In seven days we reached the Omaha Reservation. Then we sent a telegram to the President; asked him if he had authorized this thing. We waited three days for the answer. No answer came.
In four days we reached our own home. We found the inspector there. While we were gone, he had come to our people and told them to move.
Our people said: “Where are our chiefs? What have you done with them? Why have you not brought them back? We will not move till our chiefs come back.”
Then the inspector told them: “Tomorrow you must be ready to move. If you are not ready you will be shot.” Then the soldiers came to the doors with their bayonets, and ten families were frightened. The soldiers brought wagons, they put their things in and were carried away. The rest of the tribe would not move. …

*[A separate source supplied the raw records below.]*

(* Let $(\mathcal{S},\mathcal{A},\tau,\mu_0,\gamma)$ be fixed, and let $\pi$ be any fixed policy. For reward functions $R, R' : \mathcal{S}\times\mathcal{A}\times\mathcal{S}\to\mathbb{R}$, let $Q^\pi_R$ and $Q^\pi_{R'}$ be the $Q$-functions of $\pi$ in the MDPs $(\mathcal{S},\mathcal{A},\tau,\mu_0,R,\gamma)$ and $(\mathcal{S},\mathcal{A},\tau,\mu_0,R',\gamma)$. Then $Q^\pi_R = Q^\pi_{R'}$ if and only if $R'$ is produced from $R$ by $S'$-redistribution. Likewise, the optimal $Q$-functions satisfy $Q^\star_R = Q^\star_{R'}$ if and only if $R'$ is produced from $R$ by $S'$-redistribution.
   Context: An MDP is a tuple $(\mathcal{S},\mathcal{A},\tau,\mu_0,R,\gamma)$ with finite state set $\mathcal{S}$, finite action set $\mathcal{A}$, transition dynamics $\tau:\mathcal{S}\times\mathcal{A}\to\Delta(\mathcal{S})$, initial state distribution $\mu_0\in\Delta(\mathcal{S})$, deterministic reward function $R:\mathcal{S}\times\mathcal{A}\times\mathcal{S}\to\mathbb{R}$, and discount $\gamma\in(0,1)$. A policy is a map $\pi:\mathcal{S}\to\Delta(\mathcal{A})$. The return of a trajectory $(s_0,a_0,s_1,a_1,\dots)$ is $\sum_{t\ge 0}\gamma^t R(s_t,a_t,s_{t+1})$. The value function is $V^\pi(s)=\mathbb{E}[\text{return}]$ of the trajectory started at $s$ with actions drawn from $\pi$ and next states from $\tau$; the $Q$-function $Q^\pi(s,a)$ is the same expectation conditioned on the first action being $a$; equivalently $Q^\pi$ is the unique solution of $Q^\pi(s,a)=\mathbb{E}_{S'\sim\tau(s,a)}[R(s,a,S')+\gamma V^\pi(S')]$, $V^\pi(s)=\mathbb{E}_{A\sim\pi(s)}[Q^\pi(s,A)]$. The policy evaluation function is $\mathcal{J}(\pi)=\mathbb{E}_{S_0\sim\mu_0}[V^\pi(S_0)]$; an optimal policy maximises $\mathcal{J}$, and $Q^\star$ denotes the (unique) $Q$-function of an optimal policy. Given $\tau$, $R'$ is produced from $R$ by $S'$-redistribution if $\mathbb{E}_{S'\sim\tau(s,a)}[R(s,a,S')]=\mathbb{E}_{S'\sim\tau(s,a)}[R'(s,a,S')]$ for all $s\in\mathcal{S}$, $a\in\mathcal{A}$. *)

theory Defs
  imports "HOL-Probability.Probability"
begin

definition bellman_eval ::
  "('s \<Rightarrow> 'a \<Rightarrow> 's pmf) \<Rightarrow> ('s \<Rightarrow> 'a \<Rightarrow> 's \<Rightarrow> real) \<Rightarrow> real \<Rightarrow> ('s \<Rightarrow> 'a pmf)
    \<Rightarrow> ('s \<Rightarrow> 'a \<Rightarrow> real) \<Rightarrow> bool" where
  "bellman_eval tau R \<gamma> \<pi> Q \<longleftrightarrow>
     (\<forall>s a. Q s a = measure_pmf.expectation (tau s a)
        (\<lambda>s'. R s a s' + \<gamma> * measure_pmf.expectation (\<pi> s') (\<lambda>a'. Q s' a')))"

definition Qpi ::
  "('s \<Rightarrow> 'a \<Rightarrow> 's pmf) \<Rightarrow> ('s \<Rightarrow> 'a \<Rightarrow> 's \<Rightarrow> real) \<Rightarrow> real \<Rightarrow> ('s \<Rightarrow> 'a pmf)
    \<Rightarrow> 's \<Rightarrow> 'a \<Rightarrow> real" where
  "Qpi tau R \<gamma> \<pi> = (THE Q. bellman_eval tau R \<gamma> \<pi> Q)"

definition bellman_opt ::
  "('s \<Rightarrow> 'a::finite \<Rightarrow> 's pmf) \<Rightarrow> ('s \<Rightarrow> 'a \<Rightarrow> 's \<Rightarrow> real) \<Rightarrow> real
    \<Rightarrow> ('s \<Rightarrow> 'a \<Rightarrow> real) \<Rightarrow> bool" where
  "bellman_opt tau R \<gamma> Q \<longleftrightarrow>
     (\<forall>s a. Q s a = measure_pmf.expectation (tau s a)
        (\<lambda>s'. R s a s' + \<gamma> * Max (range (Q s'))))"

text \<open>Q*: the unique solution of the Bellman optimality equation
  (the Q-function of an optimal policy).\<close>
definition Qstar ::
  "('s \<Rightarrow> 'a::finite \<Rightarrow> 's pmf) \<Rightarrow> ('s \<Rightarrow> 'a \<Rightarrow> 's \<Rightarrow> real) \<Rightarrow> real
    \<Rightarrow> 's \<Rightarrow> 'a \<Rightarrow> real" where
  "Qstar tau R \<gamma> = (THE Q. bellman_opt tau R \<gamma> Q)"

definition S'_redistribution ::
  "('s \<Rightarrow> 'a \<Rightarrow> 's pmf) \<Rightarrow> ('s \<Rightarrow> 'a \<Rightarrow> 's \<Rightarrow> real) \<Rightarrow> ('s \<Rightarrow> 'a \<Rightarrow> 's \<Rightarrow> real) \<Rightarrow> bool" where
  "S'_redistribution tau R R' \<longleftrightarrow>
     (\<forall>s a. measure_pmf.expectation (tau s a) (\<lambda>s'. R s a s')
          = measure_pmf.expectation (tau s a) (\<lambda>s'. R' s a s'))"

end

theory Submission
  imports Defs
begin

text \<open>Both Bellman equations are fixed-point equations
  \<open>Q s a = r s a + \<gamma> * E[V Q s']\<close> with \<open>s' \<sim> tau s a\<close>, where \<open>r s a\<close> is the expected
  immediate reward and \<open>V Q s'\<close> is the \<open>\<pi>\<close>-average, resp. the maximum, of \<open>Q s'\<close>. As \<open>V\<close> is
  non-expansive in the sup-norm, the right-hand side is a \<open>\<gamma>\<close>-contraction, so the fixed point
  is unique and depends on \<open>R\<close> only through \<open>r\<close>. Conversely, a common fixed point \<open>Q\<close> of
  the equations for two rewards forces \<open>r = Q - \<gamma> * E[V Q]\<close> to agree, and equal expected
  rewards is exactly \<open>S'\<close>-redistribution.\<close>

lemma sup_contraction_has_unique_fixpoint:
  fixes T :: "('i::finite \<Rightarrow> real) \<Rightarrow> 'i \<Rightarrow> real"
  assumes "c < 1"
    and contraction: "\<And>f g M x. (\<And>y. \<bar>f y - g y\<bar> \<le> M) \<Longrightarrow> \<bar>T f x - T g x\<bar> \<le> c * M"
  shows "\<exists>!f. T f = f"
proof -
  have fspace: "Met_TC.fspace (UNIV::'i set) = (UNIV :: ('i \<Rightarrow> real) set)"
    by (auto simp: Met_TC.fspace_def finite_imp_bounded)
  have fdist: "Met_TC.fdist (UNIV::'i set) f g = Max (range (\<lambda>y. \<bar>f y - g y\<bar>))"
    for f g :: "'i \<Rightarrow> real"
    by (simp add: Met_TC.fdist_def fspace cSup_eq_Max dist_real_def)
  have metric: "Metric_space (Met_TC.fspace (UNIV::'i set))
      (Met_TC.fdist (UNIV::'i set) :: ('i \<Rightarrow> real) \<Rightarrow> _)"
    by (rule Met_TC.Metric_space_funspace)
  interpret F: Metric_space "UNIV :: ('i \<Rightarrow> real) set" "Met_TC.fdist (UNIV::'i set)"
    using metric fspace by simp
  have "mcomplete_of (funspace (UNIV::'i set) (Met_TC.Self :: real metric))"
    by (rule Met_TC.mcomplete_funspace) (simp add: complete_UNIV)
  then have complete: F.mcomplete
    by (simp add: mcomplete_of_def funspace_def Met_TC.Self_def fspace metric[simplified fspace]
        Metric_space.mspace_metric Metric_space.mdist_metric)
  obtain f where "T f = f"
    using F.Banach_fixedpoint_thm[OF complete, of T c] assms
    by (auto simp: fdist Max_le_iff)
  moreover have "g = f" if "T g = g" "T f = f" for f g
  proof -
    let ?m = "Max (range (\<lambda>y. \<bar>f y - g y\<bar>))"
    have "\<bar>f x - g x\<bar> \<le> c * ?m" for x
      using contraction[of f g ?m x] that by simp
    then have "?m \<le> c * ?m" by (simp add: Max_le_iff)
    moreover have "0 \<le> ?m" by (simp add: Max_ge_iff)
    ultimately have "?m \<le> 0"
      using \<open>c < 1\<close> by (smt (verit) mult_le_cancel_right1)
    then show ?thesis by (auto simp: Max_le_iff)
  qed
  ultimately show ?thesis by blast
qed

lemma sup_contraction_has_unique_fixpoint_curried:
  fixes T :: "('s::finite \<Rightarrow> 'a::finite \<Rightarrow> real) \<Rightarrow> 's \<Rightarrow> 'a \<Rightarrow> real"
  assumes "c < 1"
    and contraction: "\<And>f g M s a. (\<And>s a. \<bar>f s a - g s a\<bar> \<le> M) \<Longrightarrow> \<bar>T f s a - T g s a\<bar> \<le> c * M"
  shows "\<exists>!f. T f = f"
proof -
  define T' where "T' q = case_prod (T (curry q))" for q :: "'s \<times> 'a \<Rightarrow> real"
  have "\<exists>!q. T' q = q"
  proof (rule sup_contraction_has_unique_fixpoint[OF \<open>c < 1\<close>])
    fix f g :: "'s \<times> 'a \<Rightarrow> real" and M and x :: "'s \<times> 'a"
    assume "\<And>y. \<bar>f y - g y\<bar> \<le> M"
    then show "\<bar>T' f x - T' g x\<bar> \<le> c * M"
      unfolding T'_def using contraction[of "curry f" "curry g" M] by (cases x) simp
  qed
  then obtain q where "T' q = q" and unique: "\<And>q'. T' q' = q' \<Longrightarrow> q' = q"
    by blast
  show ?thesis
  proof (rule ex1I)
    show "T (curry q) = curry q"
      using arg_cong[OF \<open>T' q = q\<close>, of curry] by (simp add: T'_def)
  next
    fix f assume "T f = f"
    then have "T' (case_prod f) = case_prod f" by (simp add: T'_def)
    then have "case_prod f = q" by (rule unique)
    then show "f = curry q" by auto
  qed
qed

lemma abs_expectation_le:
  fixes p :: "'x pmf" and f :: "'x \<Rightarrow> real"
  assumes "\<And>x. \<bar>f x\<bar> \<le> M"
  shows "\<bar>measure_pmf.expectation p f\<bar> \<le> M"
proof -
  have "\<bar>measure_pmf.expectation p f\<bar> \<le> measure_pmf.expectation p (\<lambda>x. \<bar>f x\<bar>)"
    using integral_norm_bound[of "measure_pmf p" f] by simp
  also have "\<dots> \<le> measure_pmf.expectation p (\<lambda>_. M)"
  proof (rule integral_mono)
    show "integrable (measure_pmf p) (\<lambda>x. \<bar>f x\<bar>)"
      using assms by (intro measure_pmf.integrable_const_bound[where B = M]) auto
  qed (use assms in auto)
  also have "\<dots> = M"
    by simp
  finally show ?thesis .
qed

lemma abs_Max_range_diff_le:
  fixes f g :: "'a::finite \<Rightarrow> real"
  assumes "\<And>a. \<bar>f a - g a\<bar> \<le> M"
  shows "\<bar>Max (range f) - Max (range g)\<bar> \<le> M"
proof -
  have "Max (range f) \<in> range f" "Max (range g) \<in> range g"
    by (intro Max_in; simp)+
  then obtain a b where "Max (range f) = f a" "Max (range g) = g b"
    by blast
  moreover have "g a \<le> Max (range g)" "f b \<le> Max (range f)" by auto
  ultimately show ?thesis using assms[of a] assms[of b] by linarith
qed

lemma expectation_add_scaled:
  fixes p :: "'x::finite pmf" and f g :: "'x \<Rightarrow> real"
  shows "measure_pmf.expectation p (\<lambda>x. f x + c * g x)
    = measure_pmf.expectation p f + c * measure_pmf.expectation p g"
  by (simp add: integrable_measure_pmf_finite)

definition expected_reward ::
  "('s \<Rightarrow> 'a \<Rightarrow> 's pmf) \<Rightarrow> ('s \<Rightarrow> 'a \<Rightarrow> 's \<Rightarrow> real) \<Rightarrow> 's \<Rightarrow> 'a \<Rightarrow> real" where
  "expected_reward tau R s a = measure_pmf.expectation (tau s a) (R s a)"

lemma S'_redistribution_iff_expected_reward_eq:
  "S'_redistribution tau R R' \<longleftrightarrow> expected_reward tau R = expected_reward tau R'"
  by (simp add: S'_redistribution_def expected_reward_def fun_eq_iff)

definition bellman_backup ::
  "('s \<Rightarrow> 'a \<Rightarrow> 's pmf) \<Rightarrow> ('s \<Rightarrow> 'a \<Rightarrow> real) \<Rightarrow> real \<Rightarrow> (('s \<Rightarrow> 'a \<Rightarrow> real) \<Rightarrow> 's \<Rightarrow> real)
    \<Rightarrow> ('s \<Rightarrow> 'a \<Rightarrow> real) \<Rightarrow> 's \<Rightarrow> 'a \<Rightarrow> real" where
  "bellman_backup tau r \<gamma> V Q s a = r s a + \<gamma> * measure_pmf.expectation (tau s a) (V Q)"

definition sup_nonexpansive :: "(('s \<Rightarrow> 'a \<Rightarrow> real) \<Rightarrow> 's \<Rightarrow> real) \<Rightarrow> bool" where
  "sup_nonexpansive V \<longleftrightarrow>
     (\<forall>Q Q' M s. (\<forall>s a. \<bar>Q s a - Q' s a\<bar> \<le> M) \<longrightarrow> \<bar>V Q s - V Q' s\<bar> \<le> M)"

lemma sup_nonexpansive_policy_average:
  fixes \<pi> :: "'s \<Rightarrow> 'a::finite pmf"
  shows "sup_nonexpansive (\<lambda>Q s. measure_pmf.expectation (\<pi> s) (Q s))"
  unfolding sup_nonexpansive_def
proof (intro allI impI)
  fix Q Q' :: "'s \<Rightarrow> 'a \<Rightarrow> real" and M s
  assume "\<forall>s a. \<bar>Q s a - Q' s a\<bar> \<le> M"
  then have "\<bar>measure_pmf.expectation (\<pi> s) (\<lambda>a. Q s a - Q' s a)\<bar> \<le> M"
    by (intro abs_expectation_le) auto
  then show "\<bar>measure_pmf.expectation (\<pi> s) (Q s) - measure_pmf.expectation (\<pi> s) (Q' s)\<bar> \<le> M"
    by (simp add: integrable_measure_pmf_finite)
qed

lemma sup_nonexpansive_Max: "sup_nonexpansive (\<lambda>Q s. Max (range (Q s :: 'a::finite \<Rightarrow> real)))"
  by (simp add: sup_nonexpansive_def abs_Max_range_diff_le)

lemma bellman_backup_has_unique_fixpoint:
  fixes tau :: "'s::finite \<Rightarrow> 'a::finite \<Rightarrow> 's pmf"
  assumes "0 \<le> \<gamma>" "\<gamma> < 1" "sup_nonexpansive V"
  shows "\<exists>!Q. bellman_backup tau r \<gamma> V Q = Q"
proof (rule sup_contraction_has_unique_fixpoint_curried[OF \<open>\<gamma> < 1\<close>])
  fix Q Q' :: "'s \<Rightarrow> 'a \<Rightarrow> real" and M s a
  assume "\<And>s a. \<bar>Q s a - Q' s a\<bar> \<le> M"
  then have "\<bar>measure_pmf.expectation (tau s a) (\<lambda>s'. V Q s' - V Q' s')\<bar> \<le> M"
    using \<open>sup_nonexpansive V\<close> by (intro abs_expectation_le) (auto simp: sup_nonexpansive_def)
  then show "\<bar>bellman_backup tau r \<gamma> V Q s a - bellman_backup tau r \<gamma> V Q' s a\<bar> \<le> \<gamma> * M"
    using \<open>0 \<le> \<gamma>\<close>
    by (simp add: bellman_backup_def integrable_measure_pmf_finite abs_mult mult_left_mono
        flip: right_diff_distrib)
qed

lemma bellman_backup_fixpoint_eq_iff:
  fixes tau :: "'s::finite \<Rightarrow> 'a::finite \<Rightarrow> 's pmf"
  assumes "0 \<le> \<gamma>" "\<gamma> < 1" "sup_nonexpansive V"
  shows "(THE Q. bellman_backup tau r \<gamma> V Q = Q) = (THE Q. bellman_backup tau r' \<gamma> V Q = Q)
    \<longleftrightarrow> r = r'"
proof
  let ?Q = "THE Q. bellman_backup tau r \<gamma> V Q = Q"
  assume same_fixpoint: "?Q = (THE Q. bellman_backup tau r' \<gamma> V Q = Q)"
  have "bellman_backup tau r \<gamma> V ?Q = ?Q"
    by (rule theI'[OF bellman_backup_has_unique_fixpoint[OF assms]])
  moreover have "bellman_backup tau r' \<gamma> V ?Q = ?Q"
    unfolding same_fixpoint by (rule theI'[OF bellman_backup_has_unique_fixpoint[OF assms]])
  ultimately have "bellman_backup tau r \<gamma> V ?Q = bellman_backup tau r' \<gamma> V ?Q"
    by simp
  then show "r = r'"
    by (simp add: fun_eq_iff bellman_backup_def)
qed simp

lemma bellman_eval_iff_fixpoint:
  fixes tau :: "'s::finite \<Rightarrow> 'a \<Rightarrow> 's pmf"
  shows "bellman_eval tau R \<gamma> \<pi> Q \<longleftrightarrow>
    bellman_backup tau (expected_reward tau R) \<gamma> (\<lambda>Q s. measure_pmf.expectation (\<pi> s) (Q s)) Q = Q"
  unfolding bellman_eval_def bellman_backup_def expected_reward_def fun_eq_iff
  by (simp add: expectation_add_scaled eq_commute[of "Q _ _"])

lemma bellman_opt_iff_fixpoint:
  fixes tau :: "'s::finite \<Rightarrow> 'a::finite \<Rightarrow> 's pmf"
  shows "bellman_opt tau R \<gamma> Q \<longleftrightarrow>
    bellman_backup tau (expected_reward tau R) \<gamma> (\<lambda>Q s. Max (range (Q s))) Q = Q"
  unfolding bellman_opt_def bellman_backup_def expected_reward_def fun_eq_iff
  by (simp add: expectation_add_scaled eq_commute[of "Q _ _"])

theorem theorem3p1:
  fixes tau :: "'s::finite \<Rightarrow> 'a::finite \<Rightarrow> 's pmf"
    and \<pi> :: "'s \<Rightarrow> 'a pmf"
    and R R' :: "'s \<Rightarrow> 'a \<Rightarrow> 's \<Rightarrow> real"
    and \<gamma> :: real
  assumes "0 < \<gamma>" and "\<gamma> < 1"
  shows "(Qpi tau R \<gamma> \<pi> = Qpi tau R' \<gamma> \<pi> \<longleftrightarrow> S'_redistribution tau R R')
       \<and> (Qstar tau R \<gamma> = Qstar tau R' \<gamma> \<longleftrightarrow> S'_redistribution tau R R')"
proof -
  have "0 \<le> \<gamma>" using \<open>0 < \<gamma>\<close> by simp
  note fixpoint_eq_iff = bellman_backup_fixpoint_eq_iff[OF \<open>0 \<le> \<gamma>\<close> \<open>\<gamma> < 1\<close>, where tau = tau
      and r = "expected_reward tau R" and r' = "expected_reward tau R'"]
  show ?thesis
    unfolding Qpi_def Qstar_def bellman_eval_iff_fixpoint bellman_opt_iff_fixpoint
      S'_redistribution_iff_expected_reward_eq
      fixpoint_eq_iff[OF sup_nonexpansive_policy_average] fixpoint_eq_iff[OF sup_nonexpansive_Max]
    by (rule conjI refl)+
qed

end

Then, when he found that we would not go, he wrote for more soldiers to come.
Then the soldiers came, and we locked our doors, and the women and children hid in the woods. Then the soldiers drove all the people [to] the other side of the river, all but my brother Big snake and I. We did not go; and the soldiers took us and carried us away to a fort and put us in jail. There were eight officers who held council with us after we got there. The commanding officer said: “I have received four messages telling me to send my soldiers after you. Now, what have you done?”
Then we told him the whole story. Then the officer said: “You have done no wrong. The land is yours; they had no right to take it from you. Your title is good. I am here to protect the weak, and I have no right to take you; but I am a soldier, and I have to obey orders.”
He said: “I will telegraph to the President, and ask him what I shall do. We do not think these three men had any authority to treat you as they have done. When we own a piece of land, it belongs to us till we sell it and pocket the money.”
Then he brought a telegram, and said he had received answer from the President. The President said he knew nothing about it.
They kept us in jail ten days. Then they carried us back to our home. The soldiers collected all the women and children together; then they called all the chiefs together in council; and then they took wagons and went round and broke open the houses. When we came back from the council, we found the women and children surrounded by a guard of soldiers.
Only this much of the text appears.